__What you are asked to do__
Some lines in the entries contain the word "forall". Copy all of them.

__Data to use__
<<<<
lemma less_on_first_half_period:
  assumes sol: "is_global_solution p0 q p" and sol': "is_global_solution p0' q' p'"
    and "0 < p0" "p0 < p0'" "p0'\<^sup>2 < 2"
    and turn: "first_turning_time p \<tau>" and turn': "first_turning_time p' \<tau>'"
    and "0 < t" "t \<le> 2 * \<tau>"
  shows "q t < q' t"
proof -
  have "\<tau> < \<tau>'"
    by (rule turning_time_less[OF assms(1-7)])
  have before_turning: "q s < q' s" if "0 < s" "s < \<tau>'" for s
    using less_while_speed_pos[OF sol sol' \<open>0 < p0\<close> \<open>p0 < p0'\<close>, of \<tau>'] turn' that
    by (auto simp: first_turning_time_def)
  show ?thesis
  proof (cases "t < \<tau>'")
    case True
    then show ?thesis
      using before_turning \<open>0 < t\<close> by blast
  next
    case False
    \<comment> \<open>q t = q r \<le> q' r < q' r' = q' t by symmetry around the turning times\<close>
    define r r' where "r = 2 * \<tau> - t" and "r' = 2 * \<tau>' - t"
    have r: "0 \<le> r" "r < \<tau>'" "r < r'" "r' \<le> \<tau>'"
      using False \<open>t \<le> 2 * \<tau>\<close> \<open>\<tau> < \<tau>'\<close> by (auto simp: r_def r'_def)
    have sols: "solves q p" "solves q' p'" and "p \<tau> = 0" "p' \<tau>' = 0"
      using assms by (simp_all add: is_global_solution_iff first_turning_time_def)
    then have "q t = q r" "q' t = q' r'"
      using solves_symmetric_around_turning(1)[OF sols(1) \<open>p \<tau> = 0\<close>, of t]
        solves_symmetric_around_turning(1)[OF sols(2) \<open>p' \<tau>' = 0\<close>, of t]
      by (simp_all add: r_def r'_def)
    moreover have "q r \<le> q' r"
      using before_turning[of r] r sol sol' by (cases "r = 0") (auto simp: is_global_solution_def)
    moreover have "q' r < q' r'"
      using strict_mono_onD[OF strict_mono_on_until_turning[OF sols(2) turn'], of r r'] r by simp
    ultimately show ?thesis
      by simp
  qed
qed

theorem lemma5p15:
  fixes p0 p0' :: real and q p q' p' :: "real \<Rightarrow> real"
  assumes "0 < p0" "p0 < p0'" "p0' < 2"
    and "is_global_solution p0 q p"
    and "is_global_solution p0' q' p'"
  shows "(p0 < sqrt 2 \<longrightarrow> (\<forall>t. 0 < t \<and> t \<le> smallest_period q / 2 \<longrightarrow> q t < q' t))
       \<and> (sqrt 2 \<le> p0 \<longrightarrow> (\<forall>t. 0 < t \<longrightarrow> q t < q' t))"
proof -
  have "p0\<^sup>2 < p0'\<^sup>2"
    using assms by (simp add: power_strict_mono)
  have "0 < p0'"
    using assms by simp
  have fast: "q t < q' t" if "2 \<le> p0'\<^sup>2" "0 < t" for t
    using less_while_speed_pos[OF assms(4,5,1,2), of "t + 1" t] speed_pos_if_energy_ge_2[OF assms(5) \<open>0 < p0'\<close>]
      that by simp
  have slow: "q t < q' t"
    if low: "p0'\<^sup>2 < 2" and t: "0 < t" "t \<le> smallest_period q / 2" for t
  proof -
    obtain \<tau> where "first_turning_time p \<tau>"
      using first_turning_time_exists[OF assms(4,1)] \<open>p0\<^sup>2 < p0'\<^sup>2\<close> low by auto
    moreover obtain \<tau>' where "first_turning_time p' \<tau>'"
      using first_turning_time_exists[OF assms(5) \<open>0 < p0'\<close> low] by blast
    ultimately show ?thesis
      using less_on_first_half_period[OF assms(4,5,1,2) low] smallest_period_eq_4_turning_time[OF assms(4)] t
      by simp
  qed
  have "p0 = sqrt (p0\<^sup>2)"
    using assms(1) by simp
  then have "p0 < sqrt 2 \<longleftrightarrow> p0\<^sup>2 < 2"
    by (metis real_sqrt_less_iff)
  then show ?thesis
    using fast slow \<open>p0\<^sup>2 < p0'\<^sup>2\<close> by force
qed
>>>>
__Exercise output__
  shows "(p0 < sqrt 2 \<longrightarrow> (\<forall>t. 0 < t \<and> t \<le> smallest_period q / 2 \<longrightarrow> q t < q' t))
       \<and> (sqrt 2 \<le> p0 \<longrightarrow> (\<forall>t. 0 < t \<longrightarrow> q t < q' t))"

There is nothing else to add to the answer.